Author Topic: A way to deal with large datasets and performance problems  (Read 3364 times)

Offline Joscha

  • Full Member
  • ***
  • Join Date: May 2016
  • Posts: 10
  • Forum Citizenship: +0/-0
I worked on an active report for a long time and had major performance problems. The active report was based on a very big dataset, with a lot of different dimensions (time, three spatial dimensions with a total of 400 areas, different indicators, different measures,...).

The report consisted of two customized visualizations (map and bar Chart) and two lists. It was supposed to work like this:
1. Select an indicator using some nested dropdwon lists
2. map shows measures of the indicator for all areas of one selected spatial dimension
3. click on one area on the map
4. list shows all available indicators for the selected area...

Everything worked as intended, but the performance was awful. The report had a size of 40MB, took 35 hours (!!!) to create, two minutes to load and setting a filter led to a lag up to 15 seconds.   
I read a lot about performance issues online and came to the conclusion that the performance was terrible because of my lists. I used a combination of nesting the lists in datadecks and filtering the lists via variables...
The visualizations on the other Hand worked fine, absolutely no performance problems here... that is where i started thinking: why not build a new rave-visualization, which works like a list?
Long Story short: i created a rave visualization which shows exactly the same data that was shown in one row in the "standard" list in my report. All filtering and nesting in different datadecks can be done directly by applying filters to the visualization... it works like a charm!
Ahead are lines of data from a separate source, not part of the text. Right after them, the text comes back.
lemma brsp_V_V_569: "brsp B569 (supported_on {1..9}) (supported_on {1..9}) = supported_on {2..8}"
proof (rule brsp_brc_eq_supported_on_interval)
  fix i j h assume ij: "i \<in> {1..9}" "j \<in> {1..9}" and "c569 i j h \<noteq> 0"
  then show "2 \<le> h \<and> h \<le> 8"
    using c569_support_lt_right[of i j h] c569_support_lt_right[of j i h] lawct_antisym[of 5 6 9 al ga be i j h]
      lawct_one_left[of 5 6 9 al ga be i h]
    by (cases "j = 1") (auto split: if_splits)
next
  fix t :: nat assume t: "2 \<le> t" "t \<le> 8"
  have "1 \<in> {1..9::nat}" "Suc t \<in> {1..9}" using t by auto
  moreover note c569_one_Suc[OF t(1)]
  ultimately show "\<exists>i\<in>{1..9}. \<exists>j\<in>{1..9}. c569 i j t \<noteq> 0 \<and> (\<forall>h. c569 i j h \<noteq> 0 \<longrightarrow> h \<le> t)"
    by blast
qed auto

lemma brsp_V_supported_on_569:
  assumes "M \<le> 9"
  shows "brsp B569 (supported_on {1..9}) (supported_on {2..M}) = supported_on {2..M - 1}"
proof (rule brsp_brc_eq_supported_on_interval)
  fix i j h assume "i \<in> {1..9}" "j \<in> {2..M}" "c569 i j h \<noteq> 0"
  then show "2 \<le> h \<and> h \<le> M - 1" using c569_support_lt_right[of i j h] by auto
next
  fix t :: nat assume t: "2 \<le> t" "t \<le> M - 1"
  have "1 \<in> {1..9::nat}" "Suc t \<in> {2..M}" using t by auto
  moreover note c569_one_Suc[OF t(1)]
  ultimately show "\<exists>i\<in>{1..9}. \<exists>j\<in>{2..M}. c569 i j t \<noteq> 0 \<and> (\<forall>h. c569 i j h \<noteq> 0 \<longrightarrow> h \<le> t)"
    by blast
qed (use assms in auto)

lemma brsp_supported_on_V_569:
  assumes "M \<le> 9"
  shows "brsp B569 (supported_on {2..M}) (supported_on {1..9}) = supported_on {2..M - 1}"
proof -
  have "brsp B569 (supported_on {2..M}) (supported_on {1..9})
      = brsp B569 (supported_on {1..9}) (supported_on {2..M})"
    by (rule brsp_swap) (rule lawct_antisym)
  with brsp_V_supported_on_569[OF assms] show ?thesis by simp
qed

lemma lcs_569: "lcs 9 B569 k = (if k \<le> 1 then supported_on {1..9} else supported_on {2..10 - k})"
proof (induction k)
  case 0
  then show ?case by (simp add: V_eq_supported_on)
next
  case (Suc k)
  show ?case
  proof (cases k)
    case 0
    then show ?thesis by (simp add: V_eq_supported_on)
  next
    case (Suc j)
    then show ?thesis
      using Suc.IH brsp_V_V_569 brsp_supported_on_V_569[of "9 - j"]
      by (cases j) (simp_all add: V_eq_supported_on numeral_eq_Suc)
  qed
qed

lemma brsp_lcs_lcs_569:
  assumes nondeg: "al 1 = 0" "al 2 \<noteq> 0" "ga 1 \<noteq> 0" "ga 1 + al 2 \<noteq> 0"
    and "2 \<le> k" "2 \<le> l"
  shows "brsp B569 (lcs 9 B569 k) (lcs 9 B569 l)
    = supported_on {2..max_distinct_sum (10 - k) (10 - l) - 11}"
proof -
  define M N where "M = 10 - k" and "N = 10 - l"
  have MN: "M \<le> 8" "N \<le> 8" using assms(5,6) by (auto simp: M_def N_def)
  have "brsp B569 (supported_on {2..M}) (supported_on {2..N})
      = supported_on {2..max_distinct_sum M N - 11}"
  proof (rule brsp_brc_eq_supported_on_interval)
    fix i j h assume ij: "i \<in> {2..M}" "j \<in> {2..N}" and h: "c569 i j h \<noteq> 0"
    then have "i \<noteq> j" using lawct_diag by auto
    then have "i + j \<le> max_distinct_sum M N" using ij by (auto intro: distinct_sum_le)
    then show "2 \<le> h \<and> h \<le> max_distinct_sum M N - 11"
      using c569_support_sharp[OF nondeg(1), of i j h] ij h by auto
  next
    fix t assume t: "2 \<le> t" "t \<le> max_distinct_sum M N - 11"
    have "t + 11 \<le> max_distinct_sum M N" using t by simp
    then obtain i j where ij: "2 \<le> i" "i \<le> M" "2 \<le> j" "j \<le> N" "i \<noteq> j" "i + j = t + 11"
      using distinct_sum_attained[of "t + 11" M N] MN by auto
    have "c569 i j t \<noteq> 0"
      using c569_top_coeff[OF nondeg, of i j] ij MN t by simp
    moreover have "\<forall>h. c569 i j h \<noteq> 0 \<longrightarrow> h \<le> t"
      using c569_support_sharp[OF nondeg(1), of i j] ij by fastforce
    moreover have "i \<in> {2..M}" "j \<in> {2..N}" using ij by auto
    ultimately show "\<exists>i\<in>{2..M}. \<exists>j\<in>{2..N}. c569 i j t \<noteq> 0 \<and> (\<forall>h. c569 i j h \<noteq> 0 \<longrightarrow> h \<le> t)"
      by blast
  qed (use MN in \<open>auto simp: max_distinct_sum_def\<close>)
  then show ?thesis using assms(5,6) by (simp add: lcs_569 M_def N_def)
qed

lemma HP_569_apply:
  assumes nondeg: "al 1 = 0" "al 2 \<noteq> 0" "ga 1 \<noteq> 0" "ga 1 + al 2 \<noteq> 0"
    and "1 \<le> k" "1 \<le> l"
  shows "HP 9 B569 (k, l) = (if k = 1 \<or> l = 1 then HP0 9 (k, l)
    else int (max_distinct_sum (10 - k) (10 - l) - 12))"
proof -
  consider "k = 1" "l = 1" | "k = 1" "2 \<le> l" | "2 \<le> k" "l = 1" | "2 \<le> k" "2 \<le> l"
    using assms(5,6) by linarith
  then show ?thesis
  proof cases
    case 1
    then show ?thesis using brsp_V_V_569
      by (simp add: HP_def HP0_apply V_eq_supported_on cdim_supported_on_interval)
  next
    case 2
    then show ?thesis using brsp_V_supported_on_569[of "10 - l"]
      by (simp add: HP_def HP0_apply lcs_569 V_eq_supported_on cdim_supported_on_interval)
  next
    case 3
    then show ?thesis using brsp_supported_on_V_569[of "10 - k"]
      by (simp add: HP_def HP0_apply lcs_569 V_eq_supported_on cdim_supported_on_interval)
  next
    case 4
    then show ?thesis
      by (simp add: HP_def brsp_lcs_lcs_569[OF nondeg] cdim_supported_on_interval)
  qed
qed

lemma HP_minus_HP0_569:
  assumes nondeg: "al 1 = 0" "al 2 \<noteq> 0" "ga 1 \<noteq> 0" "ga 1 + al 2 \<noteq> 0"
  shows "HP 9 B569 p - HP0 9 p =
    3 * (bimono 2 2 p + bimono 2 3 p + bimono 3 2 p) + 2 * (bimono 2 4 p + bimono 4 2 p)
    + (bimono 2 5 p + bimono 5 2 p) + (bimono 3 3 p + bimono 3 4 p + bimono 4 3 p)"
proof -
  obtain k l where p: "p = (k, l)" by fastforce
  consider "k = 0 \<or> l = 0" | "1 \<le> k" "1 \<le> l" "k = 1 \<or> l = 1" | "2 \<le> k" "2 \<le> l"
    by linarith
  then show ?thesis
  proof cases
    case 1
    then show ?thesis by (elim disjE) (simp_all add: p HP_def HP0_apply bimono_def)
  next
    case 2
    then show ?thesis by (elim disjE) (simp_all add: p HP_569_apply[OF nondeg] bimono_def)
  next
    case 3
    then show ?thesis
      by (simp add: p HP_569_apply[OF nondeg] HP0_apply max_distinct_sum_hilbert_table)
  qed
qed

end

theorem mainTheorem18:
  fixes al ga :: "nat \<Rightarrow> complex" and be :: "nat \<Rightarrow> nat \<Rightarrow> complex"
  defines "B \<equiv> brc 9 (lawct 5 6 9 al ga be)"
  assumes "lie_alg 9 B"
    and "filiform 9 B"
    and "adapted 9 B"
    and "is_z1 9 B 5"
    and "is_z2 9 B 6"
  shows "al 1 = 0 \<and> (2 * al 2 + 3 * ga 1) * (al 2 - ga 1) = 0 \<and> ga 1 \<noteq> 0
    \<and> brsp B (lcs 9 B 3) (lcs 9 B 3) = cspan {e 2}
    \<and> brsp B (lcs 9 B 3) (lcs 9 B 4) = cspan {e 2}
    \<and> brsp B (lcs 9 B 3) (lcs 9 B 5) = {zerov}
    \<and> brsp B (lcs 9 B 2) (lcs 9 B 6) = {zerov}
    \<and> brsp B (lcs 9 B 2) (lcs 9 B 5) = cspan {e 2}
    \<and> brsp B (lcs 9 B 2) (lcs 9 B 4) = cspan {e 2, e 3}
    \<and> brsp B (lcs 9 B 2) (lcs 9 B 2) = cspan {e 2, e 3, e 4}
    \<and> brsp B (lcs 9 B 2) (lcs 9 B 3) = cspan {e 2, e 3, e 4}
    \<and> (\<forall>p. HP 9 B p - HP0 9 p =
          3 * (bimono 2 2 p + bimono 2 3 p + bimono 3 2 p) + 2 * (bimono 2 4 p + bimono 4 2 p)
          + (bimono 2 5 p + bimono 5 2 p) + (bimono 3 3 p + bimono 3 4 p + bimono 4 3 p))"
  \<comment> \<open>The law already encodes the adapted basis, so only the Jacobi identity and \<open>z\<^sub>2 = 6\<close> are needed.\<close>
proof -
  have lie: "lie_alg 9 (B569 al ga be)" using assms(2) unfolding B_def .
  have alpha1: "al 1 = 0" using lie by (rule alpha1_eq_0)
  have relation: "(2 * al 2 + 3 * ga 1) * (al 2 - ga 1) = 0" using lie by (rule alpha_gamma_relation)
  have alpha2: "al 2 \<noteq> 0"
    using alpha2_neq_0[where al = al and ga = ga and be = be, OF alpha1] assms(6)
    by (simp add: B_def is_z2_def)
  note nondeg = alpha1 alpha2 quadratic_relation_nondegenerate[OF relation alpha2]
  have intervals: "{2..2::nat} = {2}" "{2..3::nat} = {2, 3}" "{2..4::nat} = {2, 3, 4}" by auto
  show ?thesis
    using nondeg relation HP_minus_HP0_569[where al = al and ga = ga and be = be, OF nondeg]
      brsp_lcs_lcs_569[where al = al and ga = ga and be = be, OF nondeg]
    by (simp add: B_def max_distinct_sum_def supported_on_eq_cspan intervals cspan_empty)
qed

end
lemma threshold_weight_row_type1:
  assumes k: "a k" "k < n" and t: "t > 0" and \<beta>: "\<beta> \<ge> 0"
    and type1_total: "real (type1_count n a) + \<beta> * real (bzp_F1 n a) \<le> t + 1"
    and type0_scale: "1 + \<beta> * real (bzp_sum n a) = \<beta> * t * (t + 1)"
  shows "(\<Sum>j | j < n \<and> threshold_adj a k j. threshold_weight n a t \<beta> j)
           \<le> t * threshold_weight n a t \<beta> k"
proof -
  let ?W = "threshold_weight n a t \<beta>" and ?U = "type1_weight n a \<beta>"
  let ?T = "{j. j < n \<and> a j}" and ?P = "{j. j < k \<and> \<not> a j}"
  have "(\<Sum>j\<in>?T. ?W j) = (\<Sum>j\<in>?T. 1 + \<beta> * real (bzp_prefix_sum n a j))"
    unfolding threshold_weight_def type1_weight_def by (intro sum.cong) auto
  also have "\<dots> = real (type1_count n a) + \<beta> * real (bzp_F1 n a)"
    unfolding sum.distrib sum_distrib_left[symmetric] of_nat_sum[symmetric]
      sum_bzp_prefix_sum type1_count_def by simp
  finally have sum_T: "(\<Sum>j\<in>?T - {k}. ?W j) \<le> t + 1 - ?U k"
    using type1_total k by (simp add: sum_diff1 threshold_weight_def)
  have "?W j \<le> real (bzp n a j) * (\<beta> * (t + 1))" if "j \<in> ?P" for j
  proof -
    have "bzp n a j > 0" using bzp_pos[of j k n a] that k by simp
    then have "?W j = (\<Sum>i | j < i \<and> i < n \<and> a i. ?U i) / t"
      using that unfolding threshold_weight_def by simp
    also have "\<dots> \<le> real (bzp n a j) * (1 + \<beta> * real (bzp_sum n a)) / t"
      using later_type1_weight_sum_bounds(2)[OF \<beta>] t by (simp add: divide_right_mono)
    also have "\<dots> = real (bzp n a j) * (\<beta> * (t + 1))"
      using type0_scale t by (simp add: field_simps)
    finally show ?thesis .
  qed
  then have "(\<Sum>j\<in>?P. ?W j) \<le> (\<Sum>j\<in>?P. real (bzp n a j) * (\<beta> * (t + 1)))"
    by (rule sum_mono)
  also have "\<dots> = real (bzp_prefix_sum n a k) * (\<beta> * (t + 1))"
    unfolding bzp_prefix_sum_def by (simp add: sum_distrib_right)
  finally have sum_P: "(\<Sum>j\<in>?P. ?W j) \<le> real (bzp_prefix_sum n a k) * (\<beta> * (t + 1))" .
  have "{j. j < n \<and> threshold_adj a k j} = (?T - {k}) \<union> ?P"
    using k unfolding threshold_adj_def by auto
  then have "(\<Sum>j | j < n \<and> threshold_adj a k j. ?W j) = (\<Sum>j\<in>?T - {k}. ?W j) + (\<Sum>j\<in>?P. ?W j)"
    by (simp; intro sum.union_disjoint) auto
  also have "\<dots> \<le> t + 1 - ?U k + real (bzp_prefix_sum n a k) * (\<beta> * (t + 1))"
    using sum_T sum_P by simp
  also have "\<dots> = t * ?W k"
    using k unfolding threshold_weight_def type1_weight_def by (simp add: algebra_simps)
  finally show ?thesis .
qed
(* Let $\lambda\in\mathbb Q\cup\{\infty\}$, $i\in\{2,3,6\}$ and $\ell\in\mathbb Z_{>0}$ not divisible by $i$. Write $\lambda=b/a$ with $a\in\mathbb N$, $b\in\mathbb Z$, $\gcd(a,b)=\ell$ (for $\lambda=\infty$ take $a=0$, $b=\ell$), and write $a=ia'+a''$, $b=ib'+b''$ with $a',a'',b',b''\in\mathbb Z$, $0\le a'',b''\le i-1$. Then $$R^\lambda_\ell(i)=\{a'h_0+b'h_\infty+r\mid r\in R_{[a'',b'']}(i)\}.$$
   Context: Let $V=\{1_1,1_2,2_1,2_2,3_0,3_1,4_0,4_1,5_{-1},5_0\}$ and identify $\mathbb Z^{10}=\mathbb Z^V$. Let $A$ be the set of 12 arrows $2_2\to1_2$, $1_2\to2_1$, $3_1\to2_1$, $2_2\to3_1$, $4_1\to3_1$, $3_1\to4_0$, $5_0\to4_0$, $4_1\to5_0$, $2_1\to1_1$, $2_1\to3_0$, $4_0\to3_0$, $4_0\to5_{-1}$, and let $P=\{(2_2,2_1),(4_1,4_0),(1_2,1_1),(3_1,3_0),(5_0,5_{-1})\}$. The Ringel form is $\langle d,e\rangle=\sum_{v\in V}d_ve_v-\sum_{(v\to w)\in A}d_ve_w+\sum_{(v,w)\in P}d_ve_w$. Write $\langle d,e\rangle=d^{t}Ee$ and $\Phi=-E^{-1}E^{t}$ (integral, $\Phi^6=\mathrm{id}$). Let $q(d)=\langle d,d\rangle$, $R=\{d\neq0: q(d)\in\{0,1\}\}$. Let $h_0$ have entries $(1,1,3,0,2,2,3,0,1,1)$ and $h_\infty$ entries $(0,1,1,1,0,2,1,1,0,1)$ at the vertices $(1_1,1_2,2_1,2_2,3_0,3_1,4_0,4_1,5_{-1},5_0)$. $R^+=\{d\in R: \langle d,h_\infty\rangle>0\text{ or }(\langle d,h_\infty\rangle=0\text{ and }\langle h_0,d\rangle>0)\}$; the slope of $d\in R^+$ is $\langle h_0,d\rangle/\langle d,h_\infty\rangle\in\mathbb Q\cup\{\infty\}$, $R^\lambda$ the positive roots of slope $\lambda$. $\operatorname{rk}(d)$ is the least $m\ge1$ with $\Phi^m(d)=d$, $h(d)=\sum_{j=1}^{\operatorname{rk}(d)}\Phi^j(d)$, $\operatorname{ql}(d)$ the gcd of the entries of $h(d)$, and $R^\lambda_\ell(i)=\{d\in R^\lambda:\operatorname{rk}(d)=i,\operatorname{ql}(d)=\ell\}$. For $0\le m,n\le i-1$, $(m,n)\ne(0,0)$, set $R_{[m,n]}(i)=R^{n/m}_{\gcd(m,n)}(i)$ (with $n/0=\infty$). *)

theory Defs
  imports Complex_Main
begin

text \<open>Vertex set V, in the order (1_1,1_2,2_1,2_2,3_0,3_1,4_0,4_1,5_{-1},5_0).
  V5m1 stands for 5_{-1}.\<close>
datatype vert = V1_1 | V1_2 | V2_1 | V2_2 | V3_0 | V3_1 | V4_0 | V4_1 | V5m1 | V5_0

lemma UNIV_vert: "(UNIV :: vert set) = {V1_1, V1_2, V2_1, V2_2, V3_0, V3_1, V4_0, V4_1, V5m1, V5_0}"
  using vert.exhaust by auto

instance vert :: finite
  by standard (simp add: UNIV_vert)

type_synonym zvec = "vert \<Rightarrow> int"

definition arrows :: "(vert \<times> vert) list" where
  "arrows = [(V2_2,V1_2), (V1_2,V2_1), (V3_1,V2_1), (V2_2,V3_1), (V4_1,V3_1), (V3_1,V4_0),
             (V5_0,V4_0), (V4_1,V5_0), (V2_1,V1_1), (V2_1,V3_0), (V4_0,V3_0), (V4_0,V5m1)]"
Comparison old report using lists / new report using custom visualizations:
File-Size: "old" report: 42MB / "new" report: 15MB
Time to create: "old": 35 hours / "new": 3 hours
time to load: "old": 2 minutes / "new": 2 seconds

This is one very simple Viz I created (I did some others with higher complexity, but this one is the ideal starting Point for everyone who wants to go the same way as I did).

Code: [Select]
{
   "copyright":"Joscha",
   "data":
   [
      {
         "id":"originalwerte",
         "fields":
         [
            {
               "id":"originalwert",
               "label":""
            },
           
            {
               "id":"einheit",
               "label":"",
               "categories":
               [
                  " Einwohner"
               ]
            }
         ],
         "rows":
         [
            [
               11,
               null
               
            ]
         ]
      }
   ],
   "grammar":
   [
      {
         "coordinates":
         {
            "dimensions":
            [
               {
                  "scale":
                  {
                     "spans":
                     [
                        {
                           "fit":"exact"
                        }
                     ],
                     "local":true
                  }
               },
               {
                  "scale":
                  {
                     "spans":
                     [
                        {
                           "fit":"exact"
                        }
                     ],
                     "local":true
                  }
               }
            ]
         },
         "elements":
         [
            {
               "type":"point",
               "position":
               [
                  {
                     "value":"50%"
                  },
                  {
                     "value":"50%"
                  }
               ],
               "style":
               {
                  "symbol":"rectangle",
                  "width":"30px",
                  "height":"26px",
                  "fill":"transparent"
               },
               "label":
               [
                  {
                     "content":
                     [
                        {
                           "$ref":"originalwert"
                        }
                     ],
                     "style":
                     {
                        "align":"middle",
                        "location":"fit",
                        "font":
                        {
                           "weight":"normal",
                           "size":"11pt",
                           "family":"Helvetica"
                        },
                        "fill":"#000000"
                     }
                  }
               ]
            }
         ],
         "style":
         {
            "fill":"transparent"
         }
      }
   ],
   "version":"7.2",
   "size":
   {
      "width":"22",
      "height":"22"
   },
   "style":
   {
      "padding":"0%",
      "fill":"transparent"
   }
}


Maybe this post will help anybody looking for a way to deal with performace problems...

Best
Joscha
« Last Edit: 30 Aug 2017 12:03:09 am by Joscha »